§ **WORK ITEM**
The answer is a stretch of the material below, returned exactly: the line containing "(ret_iter R' j", the line containing "ret_iter_Int_SFT split: split_indicator)", and all lines between.

§ **SOURCE MATERIAL**

*** Begin section ***

lemma exp_ret_iter_integral_bounds:
  assumes T: "sft_shift \<in> measurable \<mu> \<mu>" and invariant: "distr \<mu> \<mu> sft_shift = \<mu>"
    and mix: "decoupling \<mu> M \<kappa>"
    and R: "R \<in> sets \<mu>" "determined_by {- int m..} (\<lambda>x. x \<in> R)"
    and S: "S \<in> sets \<mu>" "determined_by {..int m} (\<lambda>x. x \<in> S)"
    and k: "M + 2 * m \<le> k" "k \<le> n"
  shows "(\<alpha> \<ge> 0 \<longrightarrow>
            ennreal (1 / \<kappa>) * emeasure \<mu> S * (\<integral>\<^sup>+x. exp_ret \<alpha> (ret_iter R (n - k) x) \<partial>\<mu>)
            \<le> (\<integral>\<^sup>+x\<in>S. exp_ret \<alpha> (ret_iter R n x) \<partial>\<mu>)
          \<and> (\<integral>\<^sup>+x\<in>S. exp_ret \<alpha> (ret_iter R n x) \<partial>\<mu>)
            \<le> ennreal \<kappa> * emeasure \<mu> S * ennreal (exp (\<alpha> * real k)) *
              (\<integral>\<^sup>+x. exp_ret \<alpha> (ret_iter R n x) \<partial>\<mu>))
       \<and> (\<alpha> \<le> 0 \<longrightarrow>
            ennreal (1 / \<kappa>) * emeasure \<mu> S * ennreal (exp (\<alpha> * real k)) *
              (\<integral>\<^sup>+x. exp_ret \<alpha> (ret_iter R n x) \<partial>\<mu>)
            \<le> (\<integral>\<^sup>+x\<in>S. exp_ret \<alpha> (ret_iter R n x) \<partial>\<mu>)
          \<and> (\<integral>\<^sup>+x\<in>S. exp_ret \<alpha> (ret_iter R n x) \<partial>\<mu>)
            \<le> ennreal \<kappa> * emeasure \<mu> S * (\<integral>\<^sup>+x. exp_ret \<alpha> (ret_iter R (n - k) x) \<partial>\<mu>))"
proof -
  let ?E = "\<lambda>j x. exp_ret \<alpha> (ret_iter R j x)"
  let ?L = "\<lambda>x. exp_ret \<alpha> (ret_iter R (n - k) (shiftn k x))"
  let ?U = "\<lambda>x. exp_ret \<alpha> (enat k + ret_iter R n (shiftn k x))"
  note dec = ret_iter_shiftn_decoupling[OF T mix R S k(1)]
  have E_meas: "?E j \<in> borel_measurable \<mu>" for j
    by (rule measurable_compose[OF ret_iter_measurable[OF T R(1)]]) simp
  have int_L: "(\<integral>\<^sup>+x. ?L x \<partial>\<mu>) = (\<integral>\<^sup>+x. ?E (n - k) x \<partial>\<mu>)"
    using nn_integral_shiftn[OF T invariant E_meas] .
  have int_U: "(\<integral>\<^sup>+x. ?U x \<partial>\<mu>) = ennreal (exp (\<alpha> * real k)) * (\<integral>\<^sup>+x. ?E n x \<partial>\<mu>)"
    using measurable_compose[OF measurable_shiftn[OF T] E_meas]
    by (simp add: exp_ret_enat_plus nn_integral_cmult nn_integral_shiftn[OF T invariant E_meas])
  have L_le: "ret_iter R (n - k) (shiftn k x) \<le> ret_iter R n x" for x
    using add_increasing[OF zero_le order_refl] enat_plus_ret_iter_shiftn_le[OF k(2)]
    by (rule order_trans)
  note U_ge = ret_iter_le_enat_plus_shiftn[of R n _ k]
  have mono_S: "(\<integral>\<^sup>+x\<in>S. f x \<partial>\<mu>) \<le> (\<integral>\<^sup>+x\<in>S. f' x \<partial>\<mu>)"
    if "\<And>x. f x \<le> f' x" for f f' :: "_ \<Rightarrow> ennreal"
    using that by (intro nn_integral_mono mult_right_mono) auto
  show ?thesis
  proof (intro conjI impI)
    assume "0 \<le> \<alpha>"
    show "ennreal (1 / \<kappa>) * emeasure \<mu> S * (\<integral>\<^sup>+x. ?E (n - k) x \<partial>\<mu>) \<le> (\<integral>\<^sup>+x\<in>S. ?E n x \<partial>\<mu>)"
      using dec(1)[of "exp_ret \<alpha>" "n - k"] mono_S[OF exp_ret_mono[OF \<open>0 \<le> \<alpha>\<close> L_le]]
      unfolding int_L by (rule order_trans)
    have "(\<integral>\<^sup>+x\<in>S. ?E n x \<partial>\<mu>) \<le> (\<integral>\<^sup>+x\<in>S. ?U x \<partial>\<mu>)"
      by (rule mono_S[OF exp_ret_mono[OF \<open>0 \<le> \<alpha>\<close> U_ge]])
    also have "\<dots> \<le> ennreal \<kappa> * emeasure \<mu> S * (\<integral>\<^sup>+x. ?U x \<partial>\<mu>)"
      by (rule dec(2))
    finally show "(\<integral>\<^sup>+x\<in>S. ?E n x \<partial>\<mu>)
        \<le> ennreal \<kappa> * emeasure \<mu> S * ennreal (exp (\<alpha> * real k)) * (\<integral>\<^sup>+x. ?E n x \<partial>\<mu>)"
      by (simp add: int_U mult.assoc)
  next
    assume "\<alpha> \<le> 0"
    have "ennreal (1 / \<kappa>) * emeasure \<mu> S * ennreal (exp (\<alpha> * real k)) * (\<integral>\<^sup>+x. ?E n x \<partial>\<mu>)
        = ennreal (1 / \<kappa>) * emeasure \<mu> S * (\<integral>\<^sup>+x. ?U x \<partial>\<mu>)"
      by (simp add: int_U mult.assoc)
    also have "\<dots> \<le> (\<integral>\<^sup>+x\<in>S. ?U x \<partial>\<mu>)"
      by (rule dec(1))
    also have "\<dots> \<le> (\<integral>\<^sup>+x\<in>S. ?E n x \<partial>\<mu>)"
      by (rule mono_S[OF exp_ret_antimono[OF \<open>\<alpha> \<le> 0\<close> U_ge]])
    finally show "ennreal (1 / \<kappa>) * emeasure \<mu> S * ennreal (exp (\<alpha> * real k)) * (\<integral>\<^sup>+x. ?E n x \<partial>\<mu>)
        \<le> (\<integral>\<^sup>+x\<in>S. ?E n x \<partial>\<mu>)" .
    show "(\<integral>\<^sup>+x\<in>S. ?E n x \<partial>\<mu>) \<le> ennreal \<kappa> * emeasure \<mu> S * (\<integral>\<^sup>+x. ?E (n - k) x \<partial>\<mu>)"
      using mono_S[OF exp_ret_antimono[OF \<open>\<alpha> \<le> 0\<close> L_le]] dec(2)[of "exp_ret \<alpha>" "n - k"]
      unfolding int_L by (rule order_trans)
  qed
qed

lemma cylinder_eq_Int_UNIV: "cylinder \<Sigma> m w = cylinder UNIV m w \<inter> \<Sigma>"
  by (auto simp: cylinder_def)

lemma cylinder_UNIV_in_sets: "cylinder UNIV m w \<in> sets seq_space"
proof -
  have "cylinder UNIV m w = {x \<in> space seq_space. \<forall>j\<in>{- int m..int m}. x j = w j}"
    by (auto simp: cylinder_def seq_space_def space_PiM)
  also have "\<dots> \<in> sets seq_space"
    unfolding seq_space_def by measurable
  finally show ?thesis .
qed

lemma finite_union_of_cylindersE:
  assumes "finite_union_of_cylinders \<Sigma> m D"
  obtains D' where "D = D' \<inter> \<Sigma>" "D' \<in> sets seq_space"
    "determined_by {- int m..int m} (\<lambda>x. x \<in> D')"
proof -
  from assms obtain W where W: "finite W" "D = (\<Union>w\<in>W. cylinder \<Sigma> m w)"
    unfolding finite_union_of_cylinders_def by blast
  show ?thesis
  proof (rule that)
    show "D = (\<Union>w\<in>W. cylinder UNIV m w) \<inter> \<Sigma>"
      using W(2) by (auto simp: cylinder_eq_Int_UNIV[of \<Sigma>])
    show "(\<Union>w\<in>W. cylinder UNIV m w) \<in> sets seq_space"
      using W(1) by (intro sets.finite_UN cylinder_UNIV_in_sets)
  qed (rule determined_by_cylinder_Union)
qed

lemma SFT_shiftn:
  assumes "x \<in> SFT N A"
  shows "shiftn j x \<in> SFT N A"
proof -
  have "x (n + int j) \<in> {1..N} \<and> A (x (n + int j)) (x (n + int j + 1))" for n
    using assms by (simp add: SFT_def)
  then show ?thesis by (auto simp: SFT_def shiftn_def ac_simps)
qed

lemma ret_iter_Int_SFT: "x \<in> SFT N A \<Longrightarrow> ret_iter (D \<inter> SFT N A) n x = ret_iter D n x"
  by (rule ret_iter_cong) (simp add: SFT_shiftn)

theorem lemma3p3:
  fixes N :: nat and A :: "nat \<Rightarrow> nat \<Rightarrow> bool" and \<mu> :: "(int \<Rightarrow> nat) measure"
    and M m n :: nat and \<kappa> \<alpha> :: real and R S :: "(int \<Rightarrow> nat) set"
  assumes aper: "aperiodic_matrix N A"
    and prob: "prob_space \<mu>" and sets_mu: "sets \<mu> = sets seq_space"
    and supp: "emeasure \<mu> (SFT N A) = 1"
    and shift_meas: "sft_shift \<in> measurable \<mu> \<mu>" and invariant: "distr \<mu> \<mu> sft_shift = \<mu>"
    and M_pos: "M > 0" and kappa: "\<kappa> > 1" and mix: "decoupling \<mu> M \<kappa>"
    and R: "finite_union_of_cylinders (SFT N A) m R"
    and S: "finite_union_of_cylinders (SFT N A) m S"
    and n: "n \<ge> M + 2 * m"
  shows "(\<alpha> \<ge> 0 \<longrightarrow>
            ennreal (1 / \<kappa>) * emeasure \<mu> S *
              (\<integral>\<^sup>+x\<in>SFT N A. exp_ret \<alpha> (ret_iter R (n - (M + 2 * m)) x) \<partial>\<mu>)
            \<le> (\<integral>\<^sup>+x\<in>S. exp_ret \<alpha> (ret_iter R n x) \<partial>\<mu>)
          \<and> (\<integral>\<^sup>+x\<in>S. exp_ret \<alpha> (ret_iter R n x) \<partial>\<mu>)
            \<le> ennreal \<kappa> * emeasure \<mu> S * ennreal (exp (\<alpha> * real (M + 2 * m))) *
              (\<integral>\<^sup>+x\<in>SFT N A. exp_ret \<alpha> (ret_iter R n x) \<partial>\<mu>))
       \<and> (\<alpha> \<le> 0 \<longrightarrow>
            ennreal (1 / \<kappa>) * emeasure \<mu> S * ennreal (exp (\<alpha> * real (M + 2 * m))) *
              (\<integral>\<^sup>+x\<in>SFT N A. exp_ret \<alpha> (ret_iter R n x) \<partial>\<mu>)
            \<le> (\<integral>\<^sup>+x\<in>S. exp_ret \<alpha> (ret_iter R n x) \<partial>\<mu>)
          \<and> (\<integral>\<^sup>+x\<in>S. exp_ret \<alpha> (ret_iter R n x) \<partial>\<mu>)
            \<le> ennreal \<kappa> * emeasure \<mu> S *
              (\<integral>\<^sup>+x\<in>SFT N A. exp_ret \<alpha> (ret_iter R (n - (M + 2 * m)) x) \<partial>\<mu>))"
proof -
  interpret prob_space \<mu> by (rule prob)
  obtain R' where R': "R = R' \<inter> SFT N A" "R' \<in> sets \<mu>" "determined_by {- int m..int m} (\<lambda>x. x \<in> R')"
    using R sets_mu by (auto elim: finite_union_of_cylindersE)
  obtain S' where S': "S = S' \<inter> SFT N A" "S' \<in> sets \<mu>" "determined_by {- int m..int m} (\<lambda>x. x \<in> S')"
    using S sets_mu by (auto elim: finite_union_of_cylindersE)
  have SFT_sets: "SFT N A \<in> sets \<mu>"
    using supp by (intro emeasure_neq_0_sets) simp
  then have AE_SFT: "AE x in \<mu>. x \<in> SFT N A"
    using supp by (subst AE_in_set_eq_1) (auto simp: measure_def)
  have int_SFT: "(\<integral>\<^sup>+x\<in>SFT N A. exp_ret \<alpha> (ret_iter R j x) \<partial>\<mu>) = (\<integral>\<^sup>+x. exp_ret \<alpha> (ret_iter R' j x) \<partial>\<mu>)" for j
    using AE_SFT by (intro nn_integral_cong_AE) (auto simp: R'(1) ret_iter_Int_SFT)
  have int_S: "(\<integral>\<^sup>+x\<in>S. exp_ret \<alpha> (ret_iter R n x) \<partial>\<mu>) = (\<integral>\<^sup>+x\<in>S'. exp_ret \<alpha> (ret_iter R' n x) \<partial>\<mu>)"
    using AE_SFT by (intro nn_integral_cong_AE) (auto simp: R'(1) S'(1) ret_iter_Int_SFT split: split_indicator)
  have mu_S: "emeasure \<mu> S = emeasure \<mu> S'"
    using AE_SFT S' SFT_sets by (intro emeasure_eq_AE) auto
  have R'_det: "determined_by {- int m..} (\<lambda>x. x \<in> R')"
    by (rule determined_by_mono[OF _ R'(3)]) auto
  have S'_det: "determined_by {..int m} (\<lambda>x. x \<in> S')"
    by (rule determined_by_mono[OF _ S'(3)]) auto
  show ?thesis
    unfolding int_SFT int_S mu_S
    by (rule exp_ret_iter_integral_bounds[OF shift_meas invariant mix R'(2) R'_det S'(2) S'_det order_refl n])
qed

end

*** End section ***

§ **WRITTEN RESPONSE**
  have int_SFT: "(\<integral>\<^sup>+x\<in>SFT N A. exp_ret \<alpha> (ret_iter R j x) \<partial>\<mu>) = (\<integral>\<^sup>+x. exp_ret \<alpha> (ret_iter R' j x) \<partial>\<mu>)" for j
    using AE_SFT by (intro nn_integral_cong_AE) (auto simp: R'(1) ret_iter_Int_SFT)
  have int_S: "(\<integral>\<^sup>+x\<in>S. exp_ret \<alpha> (ret_iter R n x) \<partial>\<mu>) = (\<integral>\<^sup>+x\<in>S'. exp_ret \<alpha> (ret_iter R' n x) \<partial>\<mu>)"
    using AE_SFT by (intro nn_integral_cong_AE) (auto simp: R'(1) S'(1) ret_iter_Int_SFT split: split_indicator)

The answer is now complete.